Provided records section start

(* The left-hand side is the CHSH value of the observables x, y of Alice and u, v of Bob
   on a state with correlation matrix diag(t1, t2, t3). *)
lemma horodecki_chsh_bound:
  fixes t1 t2 t3 x1 x2 x3 y1 y2 y3 u1 u2 u3 v1 v2 v3 :: real
  assumes "x1\<^sup>2 + x2\<^sup>2 + x3\<^sup>2 = 1" "y1\<^sup>2 + y2\<^sup>2 + y3\<^sup>2 = 1"
    and "u1\<^sup>2 + u2\<^sup>2 + u3\<^sup>2 = 1" "v1\<^sup>2 + v2\<^sup>2 + v3\<^sup>2 = 1"
    and "t3\<^sup>2 \<le> t1\<^sup>2" "t3\<^sup>2 \<le> t2\<^sup>2"
  shows "t1 * (x1 * (u1 + v1) + y1 * (u1 - v1)) + t2 * (x2 * (u2 + v2) + y2 * (u2 - v2))
           + t3 * (x3 * (u3 + v3) + y3 * (u3 - v3)) \<le> 2 * sqrt (t1\<^sup>2 + t2\<^sup>2)"
proof -
  define p1 p2 p3 q1 q2 q3
    where "p1 = u1 + v1" "p2 = u2 + v2" "p3 = u3 + v3" "q1 = u1 - v1" "q2 = u2 - v2" "q3 = u3 - v3"
  define P Q where "P = p1\<^sup>2 + p2\<^sup>2 + p3\<^sup>2" "Q = q1\<^sup>2 + q2\<^sup>2 + q3\<^sup>2"
  define X Y where "X = t1\<^sup>2 * p1\<^sup>2 + t2\<^sup>2 * p2\<^sup>2 + t3\<^sup>2 * p3\<^sup>2"
    "Y = t1\<^sup>2 * q1\<^sup>2 + t2\<^sup>2 * q2\<^sup>2 + t3\<^sup>2 * q3\<^sup>2"
  define M where "M = t1\<^sup>2 + t2\<^sup>2"
  have PQ: "P + Q = 4" and orth: "p1 * q1 + p2 * q2 + p3 * q3 = 0"
    using assms(3,4) unfolding P_Q_def p1_p2_p3_q1_q2_q3_def
    by (simp_all add: power2_eq_square algebra_simps)
  have tM: "t1\<^sup>2 \<le> M" "t2\<^sup>2 \<le> M" "t3\<^sup>2 \<le> M" using assms(5) by (simp_all add: M_def add_increasing2)
  have "t1 * (x1 * p1 + y1 * q1) + t2 * (x2 * p2 + y2 * q2) + t3 * (x3 * p3 + y3 * q3)
      = (x1 * (t1 * p1) + x2 * (t2 * p2) + x3 * (t3 * p3))
        + (y1 * (t1 * q1) + y2 * (t2 * q2) + y3 * (t3 * q3))"
    by (simp add: algebra_simps)
  also have "\<dots> \<le> sqrt X + sqrt Y"
    using cauchy_schwarz3[of x1 "t1 * p1" x2 "t2 * p2" x3 "t3 * p3"]
      cauchy_schwarz3[of y1 "t1 * q1" y2 "t2 * q2" y3 "t3 * q3"] assms(1,2)
    unfolding X_Y_def by (simp add: power_mult_distrib)
  also have "\<dots> \<le> 2 * sqrt M"
  proof (rule sqrt_add_sqrt_le)
    show "X \<le> M * P" "Y \<le> M * Q"
      unfolding X_Y_def P_Q_def distrib_left using tM by (auto intro!: add_mono mult_right_mono)
    have "p1\<^sup>2 * Q + q1\<^sup>2 * P \<le> P * Q" "p2\<^sup>2 * Q + q2\<^sup>2 * P \<le> P * Q"
      using orthogonal_coord_sq_le[OF orth] orthogonal_coord_sq_le[of p2 q2 p3 q3 p1 q1] orth
      unfolding P_Q_def by (simp_all add: algebra_simps)
    moreover have
      "(p1\<^sup>2 * Q + q1\<^sup>2 * P) + (p2\<^sup>2 * Q + q2\<^sup>2 * P) + (p3\<^sup>2 * Q + q3\<^sup>2 * P) = 2 * (P * Q)"
      unfolding P_Q_def by (simp add: algebra_simps)
    ultimately have "t1\<^sup>2 * (p1\<^sup>2 * Q + q1\<^sup>2 * P) + t2\<^sup>2 * (p2\<^sup>2 * Q + q2\<^sup>2 * P)
        + t3\<^sup>2 * (p3\<^sup>2 * Q + q3\<^sup>2 * P) \<le> (t1\<^sup>2 + t2\<^sup>2) * (P * Q)"
      using assms(5,6) by (intro weighted_sum_le_two_largest)
    then show "X * Q + Y * P \<le> M * (P * Q)" unfolding X_Y_def M_def by (simp add: algebra_simps)
  qed (use PQ in \<open>auto simp: X_Y_def P_Q_def\<close>)
  finally show ?thesis unfolding M_def p1_p2_p3_q1_q2_q3_def .
qed

section \<open>Entropy versus CHSH value\<close>

lemma ent_term_sum_le_chsh:
  fixes p1 p2 p3 p4 \<beta> :: real
  assumes "0 \<le> p1" "0 \<le> p2" "0 \<le> p3" "0 \<le> p4" "p1 + p2 + p3 + p4 = 1"
    and unit: "x1\<^sup>2 + x2\<^sup>2 + x3\<^sup>2 = 1" "y1\<^sup>2 + y2\<^sup>2 + y3\<^sup>2 = 1"
      "u1\<^sup>2 + u2\<^sup>2 + u3\<^sup>2 = 1" "v1\<^sup>2 + v2\<^sup>2 + v3\<^sup>2 = 1"
    and \<beta>: "\<beta> = (p1 - p2 + p3 - p4) * (x1 * (u1 + v1) + y1 * (u1 - v1))
      + (p2 - p1 + p3 - p4) * (x2 * (u2 + v2) + y2 * (u2 - v2))
      + (p1 + p2 - p3 - p4) * (x3 * (u3 + v3) + y3 * (u3 - v3))"
    and "0 \<le> \<beta>"
  shows "ent_term p1 + ent_term p2 + ent_term p3 + ent_term p4 \<le> 2 * sq_bias_entropy (\<beta>\<^sup>2 / 8)"
proof -
  define t1 t2 t3 where "t1 = 2 * (p1 + p3) - 1" "t2 = 2 * (p2 + p3) - 1" "t3 = 2 * (p1 + p2) - 1"
  have "p1 - p2 + p3 - p4 = t1" "p2 - p1 + p3 - p4 = t2" "p1 + p2 - p3 - p4 = t3"
    using assms(5) by (simp_all add: t1_t2_t3_def)
  then have \<beta>_t: "\<beta> = t1 * (x1 * (u1 + v1) + y1 * (u1 - v1))
      + t2 * (x2 * (u2 + v2) + y2 * (u2 - v2)) + t3 * (x3 * (u3 + v3) + y3 * (u3 - v3))"
    unfolding \<beta> by simp
  \<comment> \<open>Order \<open>p\<close> as a \<open>2 \<times> 2\<close> table whose marginals have the two largest biases \<open>\<bar>t\<^sub>k\<bar>\<close>.\<close>
  consider "t3\<^sup>2 \<le> t1\<^sup>2" "t3\<^sup>2 \<le> t2\<^sup>2" | "t1\<^sup>2 \<le> t2\<^sup>2" "t1\<^sup>2 \<le> t3\<^sup>2" | "t2\<^sup>2 \<le> t1\<^sup>2" "t2\<^sup>2 \<le> t3\<^sup>2"
    by linarith
  then show ?thesis
  proof cases
    case 1
    then have "\<beta> \<le> 2 * sqrt (t1\<^sup>2 + t2\<^sup>2)"
      unfolding \<beta>_t using unit by (intro horodecki_chsh_bound)
    then show ?thesis
      using ent_term_sum_le_sq_bias_entropy[of p3 p1 p2 p4 \<beta>] assms(1-5) \<open>0 \<le> \<beta>\<close>
      by (simp add: t1_t2_t3_def ac_simps)
  next
    case 2
    then have "\<beta> \<le> 2 * sqrt (t2\<^sup>2 + t3\<^sup>2)"
      using horodecki_chsh_bound[of x2 x3 x1 y2 y3 y1 u2 u3 u1 v2 v3 v1 t1 t2 t3] unit
      by (simp add: \<beta>_t ac_simps)
    then show ?thesis
      using ent_term_sum_le_sq_bias_entropy[of p2 p1 p3 p4 \<beta>] assms(1-5) \<open>0 \<le> \<beta>\<close>
      by (simp add: t1_t2_t3_def ac_simps)
  next
    case 3
    then have "\<beta> \<le> 2 * sqrt (t1\<^sup>2 + t3\<^sup>2)"
      using horodecki_chsh_bound[of x1 x3 x2 y1 y3 y2 u1 u3 u2 v1 v3 v2 t2 t1 t3] unit
      by (simp add: \<beta>_t ac_simps)
    then show ?thesis
      using ent_term_sum_le_sq_bias_entropy[of p1 p3 p2 p4 \<beta>] assms(1-5) \<open>0 \<le> \<beta>\<close>
      by (simp add: t1_t2_t3_def ac_simps)
  qed
qed

lemma sq_bias_entropy_square_div_8:
  assumes "0 \<le> \<beta>"
  shows "sq_bias_entropy (\<beta>\<^sup>2 / 8) = bin_entropy (1/2 - \<beta> / (4 * sqrt 2))"
proof -
  have "sqrt 8 = 2 * sqrt (2::real)"
    using real_sqrt_mult[of 4 2] by simp
  then have "(1 - sqrt (\<beta>\<^sup>2 / 8)) / 2 = 1/2 - \<beta> / (4 * sqrt 2)"
    using assms by (simp add: real_sqrt_divide field_simps)
  then show ?thesis by (simp only: sq_bias_entropy_def)
qed

theorem lemma1:
  fixes p1 p2 p3 p4 :: real
    and a0 a1 b0 b1 :: "real \<times> real \<times> real"
  assumes "p1 \<ge> 0" "p2 \<ge> 0" "p3 \<ge> 0" "p4 \<ge> 0" "p1 + p2 + p3 + p4 = 1"
    and "\<And>v. v \<in> {a0, a1, b0, b1} \<Longrightarrow>
           (fst v)\<^sup>2 + (fst (snd v))\<^sup>2 + (snd (snd v))\<^sup>2 = 1"
    and "\<sigma> = bell_diag p1 p2 p3 p4"
    and "A0 = qubit_obs (fst a0) (fst (snd a0)) (snd (snd a0))"
    and "A1 = qubit_obs (fst a1) (fst (snd a1)) (snd (snd a1))"
    and "B0 = qubit_obs (fst b0) (fst (snd b0)) (snd (snd b0))"
    and "B1 = qubit_obs (fst b1) (fst (snd b1)) (snd (snd b1))"
    and "\<omega> = chsh_omega \<sigma> A0 A1 B0 B1"
    and "3/4 \<le> \<omega>" "\<omega> \<le> (2 + sqrt 2) / 4"
  shows "cond_entropy \<sigma> \<le> 2 * bin_entropy (1/2 - (2 * \<omega> - 1) / sqrt 2) - 1"
proof -
  obtain x1 x2 x3 y1 y2 y3 u1 u2 u3 v1 v2 v3
    where vecs: "a0 = (x1, x2, x3)" "a1 = (y1, y2, y3)" "b0 = (u1, u2, u3)" "b1 = (v1, v2, v3)"
    using prod_cases3 by metis
  have unit: "x1\<^sup>2 + x2\<^sup>2 + x3\<^sup>2 = 1" "y1\<^sup>2 + y2\<^sup>2 + y3\<^sup>2 = 1"
    "u1\<^sup>2 + u2\<^sup>2 + u3\<^sup>2 = 1" "v1\<^sup>2 + v2\<^sup>2 + v3\<^sup>2 = 1"
    using assms(6) by (auto simp: vecs)
  define \<beta> where "\<beta> = (p1 - p2 + p3 - p4) * (x1 * (u1 + v1) + y1 * (u1 - v1))
    + (p2 - p1 + p3 - p4) * (x2 * (u2 + v2) + y2 * (u2 - v2))
    + (p1 + p2 - p3 - p4) * (x3 * (u3 + v3) + y3 * (u3 - v3))"
  have \<omega>: "\<omega> = 1/2 + \<beta> / 8"
    using assms(7-12) by (simp add: vecs chsh_omega_bell_diag \<beta>_def)
  then have "0 \<le> \<beta>" using assms(13) by simp
  have "cond_entropy \<sigma> \<le> 2 * sq_bias_entropy (\<beta>\<^sup>2 / 8) - 1"
    using ent_term_sum_le_chsh[OF assms(1-5) unit \<beta>_def \<open>0 \<le> \<beta>\<close>]
    by (simp add: assms(7) cond_entropy_bell_diag[OF assms(5)])
  moreover have "(2 * \<omega> - 1) / sqrt 2 = \<beta> / (4 * sqrt 2)" by (simp add: \<omega>)
  ultimately show ?thesis using sq_bias_entropy_square_div_8[OF \<open>0 \<le> \<beta>\<close>] by simp
qed

end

Provided records section end

# [Work task]
Bring together each line above where the string "fixes" turns up.

# [Response to the exercise]
  fixes t1 t2 t3 x1 x2 x3 y1 y2 y3 u1 u2 u3 v1 v2 v3 :: real
  fixes p1 p2 p3 p4 \<beta> :: real
  fixes p1 p2 p3 p4 :: real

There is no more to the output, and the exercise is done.